SOURCE MATERIAL section start
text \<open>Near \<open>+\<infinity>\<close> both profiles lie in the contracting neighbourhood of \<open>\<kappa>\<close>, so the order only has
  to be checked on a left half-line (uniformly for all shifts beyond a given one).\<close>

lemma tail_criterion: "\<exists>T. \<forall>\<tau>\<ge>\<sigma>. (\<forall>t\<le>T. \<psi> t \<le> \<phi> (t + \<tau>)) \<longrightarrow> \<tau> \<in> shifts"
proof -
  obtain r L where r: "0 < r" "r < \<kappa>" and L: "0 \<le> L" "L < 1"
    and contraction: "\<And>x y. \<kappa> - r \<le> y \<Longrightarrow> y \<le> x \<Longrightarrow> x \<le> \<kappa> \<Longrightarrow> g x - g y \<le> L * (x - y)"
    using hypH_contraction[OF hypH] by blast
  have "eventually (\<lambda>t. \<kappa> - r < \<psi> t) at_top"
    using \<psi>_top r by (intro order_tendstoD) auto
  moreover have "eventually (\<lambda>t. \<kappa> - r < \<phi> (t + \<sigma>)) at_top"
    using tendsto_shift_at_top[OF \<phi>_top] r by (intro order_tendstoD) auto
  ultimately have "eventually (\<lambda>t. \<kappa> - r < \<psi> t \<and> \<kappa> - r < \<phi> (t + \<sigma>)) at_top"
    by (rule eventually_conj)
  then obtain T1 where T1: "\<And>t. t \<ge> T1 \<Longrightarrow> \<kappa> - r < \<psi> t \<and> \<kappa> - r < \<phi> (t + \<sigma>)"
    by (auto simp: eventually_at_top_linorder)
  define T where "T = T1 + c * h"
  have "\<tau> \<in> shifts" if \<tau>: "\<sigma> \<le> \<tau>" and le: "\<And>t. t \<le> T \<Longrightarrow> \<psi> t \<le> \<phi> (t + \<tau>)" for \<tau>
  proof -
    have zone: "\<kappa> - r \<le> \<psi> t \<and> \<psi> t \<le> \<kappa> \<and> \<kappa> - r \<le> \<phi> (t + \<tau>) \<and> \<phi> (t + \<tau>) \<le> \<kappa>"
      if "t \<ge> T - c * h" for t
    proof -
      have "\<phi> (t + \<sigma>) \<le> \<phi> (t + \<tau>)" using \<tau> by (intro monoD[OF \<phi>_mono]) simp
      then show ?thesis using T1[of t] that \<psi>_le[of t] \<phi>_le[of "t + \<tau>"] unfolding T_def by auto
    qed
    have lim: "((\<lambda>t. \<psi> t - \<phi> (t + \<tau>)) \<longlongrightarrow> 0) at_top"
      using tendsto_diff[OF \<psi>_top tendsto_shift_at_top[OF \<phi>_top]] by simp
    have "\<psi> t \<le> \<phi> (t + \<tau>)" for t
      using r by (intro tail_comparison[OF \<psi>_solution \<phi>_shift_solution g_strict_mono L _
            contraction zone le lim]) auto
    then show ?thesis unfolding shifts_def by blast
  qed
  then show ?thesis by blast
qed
SOURCE MATERIAL section end
SOURCE MATERIAL section start
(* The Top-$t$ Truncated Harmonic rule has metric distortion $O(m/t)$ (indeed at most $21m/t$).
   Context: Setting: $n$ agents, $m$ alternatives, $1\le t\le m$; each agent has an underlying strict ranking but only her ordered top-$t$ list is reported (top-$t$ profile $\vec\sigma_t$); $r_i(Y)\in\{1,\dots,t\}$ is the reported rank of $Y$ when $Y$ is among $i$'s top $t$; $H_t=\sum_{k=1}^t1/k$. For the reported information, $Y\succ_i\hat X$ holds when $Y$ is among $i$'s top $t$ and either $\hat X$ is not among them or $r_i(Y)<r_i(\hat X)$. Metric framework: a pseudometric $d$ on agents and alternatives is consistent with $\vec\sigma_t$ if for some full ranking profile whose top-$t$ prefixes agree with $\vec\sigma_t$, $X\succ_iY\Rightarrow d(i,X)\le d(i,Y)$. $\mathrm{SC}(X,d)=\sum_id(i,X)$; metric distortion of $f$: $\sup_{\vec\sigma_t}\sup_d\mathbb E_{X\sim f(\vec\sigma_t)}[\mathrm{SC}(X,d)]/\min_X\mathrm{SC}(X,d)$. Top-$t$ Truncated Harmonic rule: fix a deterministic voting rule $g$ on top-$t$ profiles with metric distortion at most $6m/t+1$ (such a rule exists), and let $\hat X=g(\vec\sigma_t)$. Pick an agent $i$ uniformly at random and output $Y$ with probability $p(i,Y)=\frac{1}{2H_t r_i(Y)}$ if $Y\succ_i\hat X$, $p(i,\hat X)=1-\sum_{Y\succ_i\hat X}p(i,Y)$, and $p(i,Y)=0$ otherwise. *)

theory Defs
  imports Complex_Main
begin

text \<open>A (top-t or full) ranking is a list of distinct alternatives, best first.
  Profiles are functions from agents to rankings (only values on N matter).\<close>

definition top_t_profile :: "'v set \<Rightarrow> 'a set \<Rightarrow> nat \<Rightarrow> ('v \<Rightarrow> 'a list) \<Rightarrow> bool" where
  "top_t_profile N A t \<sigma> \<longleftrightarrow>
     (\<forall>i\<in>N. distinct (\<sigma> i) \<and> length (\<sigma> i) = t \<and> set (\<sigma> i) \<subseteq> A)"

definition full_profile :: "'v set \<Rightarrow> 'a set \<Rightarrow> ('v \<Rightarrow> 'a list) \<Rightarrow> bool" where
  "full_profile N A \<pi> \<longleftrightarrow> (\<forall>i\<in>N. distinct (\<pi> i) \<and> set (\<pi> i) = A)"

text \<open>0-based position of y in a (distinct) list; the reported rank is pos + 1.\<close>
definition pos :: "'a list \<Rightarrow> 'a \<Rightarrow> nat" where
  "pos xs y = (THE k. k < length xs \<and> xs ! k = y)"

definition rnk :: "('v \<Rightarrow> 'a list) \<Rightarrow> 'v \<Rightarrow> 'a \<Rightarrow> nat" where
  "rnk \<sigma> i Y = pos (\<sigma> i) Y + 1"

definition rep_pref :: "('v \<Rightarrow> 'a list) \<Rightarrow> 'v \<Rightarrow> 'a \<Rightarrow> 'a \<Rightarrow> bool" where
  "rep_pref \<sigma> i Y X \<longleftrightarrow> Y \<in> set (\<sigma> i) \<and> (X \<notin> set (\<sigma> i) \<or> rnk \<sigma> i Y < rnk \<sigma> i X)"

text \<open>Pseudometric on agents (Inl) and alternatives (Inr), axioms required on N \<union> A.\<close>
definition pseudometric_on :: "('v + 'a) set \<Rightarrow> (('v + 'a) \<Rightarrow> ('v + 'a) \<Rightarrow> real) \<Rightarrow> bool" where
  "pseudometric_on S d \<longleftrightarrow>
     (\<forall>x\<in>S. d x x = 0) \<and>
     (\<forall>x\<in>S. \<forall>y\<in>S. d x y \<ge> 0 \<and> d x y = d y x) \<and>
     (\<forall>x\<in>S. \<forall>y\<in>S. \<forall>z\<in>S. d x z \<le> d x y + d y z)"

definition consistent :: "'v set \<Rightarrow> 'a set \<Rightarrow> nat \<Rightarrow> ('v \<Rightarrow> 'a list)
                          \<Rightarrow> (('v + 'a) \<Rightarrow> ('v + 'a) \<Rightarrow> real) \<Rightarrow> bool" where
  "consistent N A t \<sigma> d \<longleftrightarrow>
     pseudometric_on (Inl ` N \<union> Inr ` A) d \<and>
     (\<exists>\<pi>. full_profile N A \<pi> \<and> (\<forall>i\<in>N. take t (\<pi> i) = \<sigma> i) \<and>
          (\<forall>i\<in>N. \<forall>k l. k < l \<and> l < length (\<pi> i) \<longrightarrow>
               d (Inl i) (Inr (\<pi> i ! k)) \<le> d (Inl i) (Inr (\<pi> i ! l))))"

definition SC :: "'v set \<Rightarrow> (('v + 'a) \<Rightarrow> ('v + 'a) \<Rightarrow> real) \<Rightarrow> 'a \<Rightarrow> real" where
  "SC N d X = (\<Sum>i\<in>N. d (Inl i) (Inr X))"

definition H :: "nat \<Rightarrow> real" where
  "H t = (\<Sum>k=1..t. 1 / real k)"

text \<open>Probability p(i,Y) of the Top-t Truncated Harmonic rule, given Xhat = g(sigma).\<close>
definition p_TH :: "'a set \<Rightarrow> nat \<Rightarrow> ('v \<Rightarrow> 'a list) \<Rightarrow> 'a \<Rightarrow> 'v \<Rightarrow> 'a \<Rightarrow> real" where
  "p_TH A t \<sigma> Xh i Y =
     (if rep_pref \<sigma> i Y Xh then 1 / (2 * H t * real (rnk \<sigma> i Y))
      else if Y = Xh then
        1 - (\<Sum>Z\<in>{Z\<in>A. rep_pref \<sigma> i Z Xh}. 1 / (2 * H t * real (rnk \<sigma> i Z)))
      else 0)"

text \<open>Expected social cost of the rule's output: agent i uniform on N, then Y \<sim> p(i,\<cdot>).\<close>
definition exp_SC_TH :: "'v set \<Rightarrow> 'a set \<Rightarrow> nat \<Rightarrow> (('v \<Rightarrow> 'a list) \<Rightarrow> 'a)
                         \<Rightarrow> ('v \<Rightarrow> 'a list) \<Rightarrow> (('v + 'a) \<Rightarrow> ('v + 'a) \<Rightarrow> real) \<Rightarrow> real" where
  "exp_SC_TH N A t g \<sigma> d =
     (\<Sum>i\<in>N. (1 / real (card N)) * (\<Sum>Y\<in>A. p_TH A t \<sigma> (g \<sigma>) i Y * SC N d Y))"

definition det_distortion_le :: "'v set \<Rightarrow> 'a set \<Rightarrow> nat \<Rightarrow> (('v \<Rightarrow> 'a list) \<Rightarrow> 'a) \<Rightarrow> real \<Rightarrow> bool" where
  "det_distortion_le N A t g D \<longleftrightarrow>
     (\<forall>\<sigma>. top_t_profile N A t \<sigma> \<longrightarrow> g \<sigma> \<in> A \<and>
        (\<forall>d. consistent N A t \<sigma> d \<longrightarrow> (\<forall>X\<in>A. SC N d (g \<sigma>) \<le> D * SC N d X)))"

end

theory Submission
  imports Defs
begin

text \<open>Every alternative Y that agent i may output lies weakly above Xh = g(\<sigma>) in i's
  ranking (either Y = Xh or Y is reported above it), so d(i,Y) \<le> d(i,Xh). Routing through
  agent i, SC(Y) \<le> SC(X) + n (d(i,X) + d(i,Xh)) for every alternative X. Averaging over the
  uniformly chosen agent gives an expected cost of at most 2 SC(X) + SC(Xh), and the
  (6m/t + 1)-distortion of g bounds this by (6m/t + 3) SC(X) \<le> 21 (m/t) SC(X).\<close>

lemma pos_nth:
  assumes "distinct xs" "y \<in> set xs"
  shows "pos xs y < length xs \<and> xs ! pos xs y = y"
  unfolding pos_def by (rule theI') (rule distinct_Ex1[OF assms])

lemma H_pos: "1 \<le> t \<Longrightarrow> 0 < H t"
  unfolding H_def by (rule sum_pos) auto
SOURCE MATERIAL section end
SOURCE MATERIAL section start
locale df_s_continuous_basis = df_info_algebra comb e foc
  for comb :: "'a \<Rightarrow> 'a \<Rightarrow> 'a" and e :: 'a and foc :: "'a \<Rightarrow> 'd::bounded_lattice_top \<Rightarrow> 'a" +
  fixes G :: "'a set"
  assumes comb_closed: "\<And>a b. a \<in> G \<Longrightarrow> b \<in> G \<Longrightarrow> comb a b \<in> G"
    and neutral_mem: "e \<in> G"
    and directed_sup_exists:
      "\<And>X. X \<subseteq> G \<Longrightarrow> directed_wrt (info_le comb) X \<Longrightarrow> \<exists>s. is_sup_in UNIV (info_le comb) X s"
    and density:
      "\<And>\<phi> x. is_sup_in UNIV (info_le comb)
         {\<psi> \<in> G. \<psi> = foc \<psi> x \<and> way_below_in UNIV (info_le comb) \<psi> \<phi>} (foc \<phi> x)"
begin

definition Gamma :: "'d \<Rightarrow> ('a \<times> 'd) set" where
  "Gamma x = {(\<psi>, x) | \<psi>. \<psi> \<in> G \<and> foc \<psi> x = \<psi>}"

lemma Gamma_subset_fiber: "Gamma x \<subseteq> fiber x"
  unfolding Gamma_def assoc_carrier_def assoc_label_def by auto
SOURCE MATERIAL section end
TO DO
All lines above from the line with "text \<open>Near \<open>+\<infinity>\<close>" through the line with "to be checked", both included, are to be set down exactly, with nothing else.

EXERCISE SOLUTION
text \<open>Near \<open>+\<infinity>\<close> both profiles lie in the contracting neighbourhood of \<open>\<kappa>\<close>, so the order only has
  to be checked on a left half-line (uniformly for all shifts beyond a given one).\<close>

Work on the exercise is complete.